In first Sunday address, Pope Leo XIV calls for ceasefire in Gaza, release of hostages

World News

Pope Leo XIV spoke directly about Gaza in his first Sunday address since being elected on Thursday, marking his first public comments as pope about the 19-month-old war between Israel and Hamas there.

“I am deeply pained by what is happening in the Gaza strip,” he said, according to translations of the speech, delivered in Italian at the Vatican. “May a ceasefire immediately come into effect. May humanitarian aid be allowed into the civilian population and may all hostages be freed.”

He also decried the war in Ukraine and praised the ceasefire, announced Saturday, in a conflict between India and Pakistan.
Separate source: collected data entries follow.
lemma rpos_eqI:
  assumes "rmin x \<noteq> length x" "m < length (rl_mins x)" "rl_min_repeated x (rl_mins x ! m)"
    "\<And>m'. m < m' \<Longrightarrow> m' < length (rl_mins x) \<Longrightarrow> \<not> rl_min_repeated x (rl_mins x ! m')"
  shows "rpos x = m"
proof -
  have "m \<in> repeated_rl_mins x" using assms by (simp add: repeated_rl_mins_def)
  moreover have "Max (repeated_rl_mins x) = m"
    using assms(2-4) finite_repeated_rl_mins \<open>m \<in> repeated_rl_mins x\<close>
    by (intro Max_eqI) (auto simp: repeated_rl_mins_def not_less[symmetric])
  ultimately show ?thesis using rpos_eq_Max_repeated_rl_mins[OF assms(1)] by auto
qed

lemma not_rl_min_repeated_above_rpos:
  assumes "rmin x \<noteq> length x" "rpos x < m" "m < length (rl_mins x)"
  shows "\<not> rl_min_repeated x (rl_mins x ! m)"
proof
  assume "rl_min_repeated x (rl_mins x ! m)"
  then have "m \<in> repeated_rl_mins x" using assms by (simp add: repeated_rl_mins_def)
  then have "m \<le> rpos x"
    using rpos_eq_Max_repeated_rl_mins[OF assms(1)] finite_repeated_rl_mins by auto
  then show False using assms(2) by simp
qed

lemma rpos_nonzero_D:
  assumes "rpos x \<noteq> 0"
  shows "rmin x \<noteq> length x \<and> rpos x < length (rl_mins x) \<and> rl_min_repeated x (rl_mins x ! rpos x)"
proof -
  have "rmin x \<noteq> length x" using assms unfolding rpos_def by auto
  then have "repeated_rl_mins x \<noteq> {}" "rpos x = Max (repeated_rl_mins x)"
    using rpos_eq_Max_repeated_rl_mins[of x] assms by (auto split: if_splits)
  then have "rpos x \<in> repeated_rl_mins x" using Max_in finite_repeated_rl_mins by metis
  then show ?thesis using \<open>rmin x \<noteq> length x\<close> by (simp add: repeated_rl_mins_def)
qed

section \<open>Inserting a copy of a right-to-left minimum\<close>

lemma upt_split: "i \<le> j \<Longrightarrow> j \<le> k \<Longrightarrow> [i..<k] = [i..<j] @ [j..<k]"
  by (metis le_add_diff_inverse upt_add_eq_append)

locale rl_min_insertion =
  fixes t :: "nat list" and q P :: nat
  assumes q_less_P: "q < P" and P_less_length: "P < length t"
    and rl_min_q: "rl_min t q" and rl_min_P: "rl_min t P"
    and between_ge: "\<And>j. q < j \<Longrightarrow> j < P \<Longrightarrow> t ! P \<le> t ! j"
    and between_hit: "\<exists>j. q < j \<and> j < P \<and> t ! j = t ! P"
begin

definition s :: "nat list" where
  "s = take P t @ t ! q # drop P t"

definition rl_mins_before_q :: "nat list" where
  "rl_mins_before_q = filter (rl_min t) [0..<q]"

definition rl_mins_after_P :: "nat list" where
  "rl_mins_after_P = filter (rl_min t) [Suc P..<length t]"

definition r :: nat where
  "r = length rl_mins_before_q"

lemma value_q_less_value_P: "t ! q < t ! P"
  using q_less_P P_less_length rl_min_q unfolding rl_min_def by auto

lemma Suc_q_less_P: "Suc q < P"
  using between_hit by auto

lemma value_before_P: "t ! P \<le> t ! (P - 1)" "t ! q < t ! (P - 1)"
proof -
  show "t ! P \<le> t ! (P - 1)" using between_ge[of "P - 1"] Suc_q_less_P by simp
  then show "t ! q < t ! (P - 1)" using value_q_less_value_P by simp
qed

lemma length_s: "length s = Suc (length t)"
  using P_less_length by (simp add: s_def)

lemma s_nth_less: "i < P \<Longrightarrow> s ! i = t ! i"
  using P_less_length by (simp add: s_def nth_append)

lemma s_nth_P: "s ! P = t ! q"
  using P_less_length by (simp add: s_def nth_append)

lemma s_nth_Suc: "P \<le> k \<Longrightarrow> s ! Suc k = t ! k"
  using P_less_length by (simp add: s_def nth_append nth_Cons' Suc_diff_le)

lemma s_nth_greater: "P < i \<Longrightarrow> s ! i = t ! (i - 1)"
  using s_nth_Suc[of "i - 1"] by simp

lemma take_s: "i \<le> P \<Longrightarrow> take i s = take i t"
  using P_less_length by (simp add: s_def take_append)

lemma drop_Suc_P_s: "drop (Suc P) s = drop P t"
  using P_less_length by (simp add: s_def)

lemma set_s: "set s = set t"
proof -
  have "t ! q \<in> set t" using q_less_P P_less_length by simp
  moreover have "set t = set (take P t) \<union> set (drop P t)"
    by (metis append_take_drop_id set_append)
  ultimately show ?thesis by (auto simp: s_def)
qed

lemma not_rl_min_t_between: "q < k \<Longrightarrow> k < P \<Longrightarrow> \<not> rl_min t k"
  using between_ge[of k] P_less_length unfolding rl_min_def by force

lemma rl_min_s_iff: "k < q \<Longrightarrow> rl_min s k \<longleftrightarrow> rl_min t k"
proof -
  assume k: "k < q"
  have "set (drop (Suc k) s) = insert (t ! q) (set (drop (Suc k) t))"
  proof -
    have "drop (Suc k) s = drop (Suc k) (take P t) @ t ! q # drop P t"
      using k q_less_P P_less_length by (simp add: s_def)
    moreover have "drop (Suc k) t = drop (Suc k) (take P t) @ drop P t"
      using k q_less_P P_less_length drop_append[of "Suc k" "take P t" "drop P t"] by simp
    ultimately show ?thesis by auto
  qed
  moreover have "t ! q \<in> set (drop (Suc k) t)"
    using k q_less_P P_less_length by (auto simp: in_set_conv_nth intro!: exI[of _ "q - Suc k"])
  ultimately show ?thesis
    unfolding rl_min_iff_drop using s_nth_less[of k] k q_less_P by (simp add: insert_absorb)
qed

lemma not_rl_min_s_q: "\<not> rl_min s q"
  using s_nth_P s_nth_less[of q] q_less_P length_s P_less_length unfolding rl_min_def by force

lemma not_rl_min_s_between:
  assumes "q < k" "k < P"
  shows "\<not> rl_min s k"
proof
  assume "rl_min s k"
  then have "s ! k < s ! Suc P" using assms length_s P_less_length unfolding rl_min_def by simp
  then show False using s_nth_Suc[of P] s_nth_less[of k] between_ge[OF assms] assms by simp
qed

lemma rl_min_s_P: "rl_min s P"
  unfolding rl_min_iff_drop drop_Suc_P_s s_nth_P
  using rl_min_P value_q_less_value_P P_less_length
  by (auto simp: rl_min_iff_drop Cons_nth_drop_Suc[symmetric])

lemma rl_min_s_Suc_iff: "P \<le> k \<Longrightarrow> rl_min s (Suc k) \<longleftrightarrow> rl_min t k"
proof -
  assume "P \<le> k"
  then have "drop (Suc (Suc k)) s = drop (Suc k) t"
    using P_less_length by (simp add: s_def Suc_diff_le)
  then show ?thesis unfolding rl_min_iff_drop using s_nth_Suc[OF \<open>P \<le> k\<close>] by simp
qed

lemma rl_mins_t: "rl_mins t = rl_mins_before_q @ q # P # rl_mins_after_P"
proof -
  have "[0..<length t] = [0..<q] @ q # [Suc q..<P] @ P # [Suc P..<length t]"
    using q_less_P P_less_length upt_split[of 0 q "length t"] upt_split[of q P "length t"]
    by (simp add: upt_conv_Cons)
  moreover have "filter (rl_min t) [Suc q..<P] = []"
    using not_rl_min_t_between by (auto simp: filter_empty_conv)
  ultimately show ?thesis
    unfolding rl_mins_def rl_mins_before_q_def rl_mins_after_P_def using rl_min_q rl_min_P by simp
qed

lemma rl_mins_s: "rl_mins s = rl_mins_before_q @ P # Suc P # map Suc rl_mins_after_P"
proof -
  have "[0..<length s] = [0..<q] @ [q..<P] @ P # map Suc [P..<length t]"
    using q_less_P P_less_length length_s upt_split[of 0 q "Suc (length t)"]
      upt_split[of q P "Suc (length t)"] by (simp add: upt_conv_Cons map_Suc_upt)
  moreover have "filter (rl_min s) [0..<q] = rl_mins_before_q"
    unfolding rl_mins_before_q_def by (rule filter_cong) (auto simp: rl_min_s_iff)
  moreover have "filter (rl_min s) [q..<P] = []"
    using not_rl_min_s_q not_rl_min_s_between
    by (auto simp: filter_empty_conv le_less)
  moreover have "filter (rl_min t) [P..<length t] = P # rl_mins_after_P"
    unfolding rl_mins_after_P_def using rl_min_P P_less_length by (simp add: upt_conv_Cons)
  moreover have "filter (rl_min s \<circ> Suc) [P..<length t] = filter (rl_min t) [P..<length t]"
    by (rule filter_cong) (auto simp: rl_min_s_Suc_iff)
  ultimately show ?thesis unfolding rl_mins_def using rl_min_s_P by (simp add: filter_map)
qed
The speech — in which Leo proclaimed, “Never again war!” — and other moves by the new pope are being closely watched by supporters of Israel, many of whom felt alienated by Pope Francis’ response to the war in Gaza.

Francis also called for the release of the hostages, whom Hamas abducted from Israel, in his frequent calls for a ceasefire. But he also suggested that Israel could be guilty of “genocide” in Gaza and attended the inauguration of a nativity scene at the Vatican that positioned baby Jesus on a keffiyeh, or Palestinian scarf; last week, the Vatican announced that he had willed his popemobile to the children of Gaza.

On Thursday, after Leo called for peace in his first public address as pope without mentioning Gaza, Rabbi Noam Marans, the American Jewish Committee’s director of interreligious and intergroup relations, emphasized that such calls are standard fare from the balcony of St. Peter’s Basilica. “All popes want peace,” he said.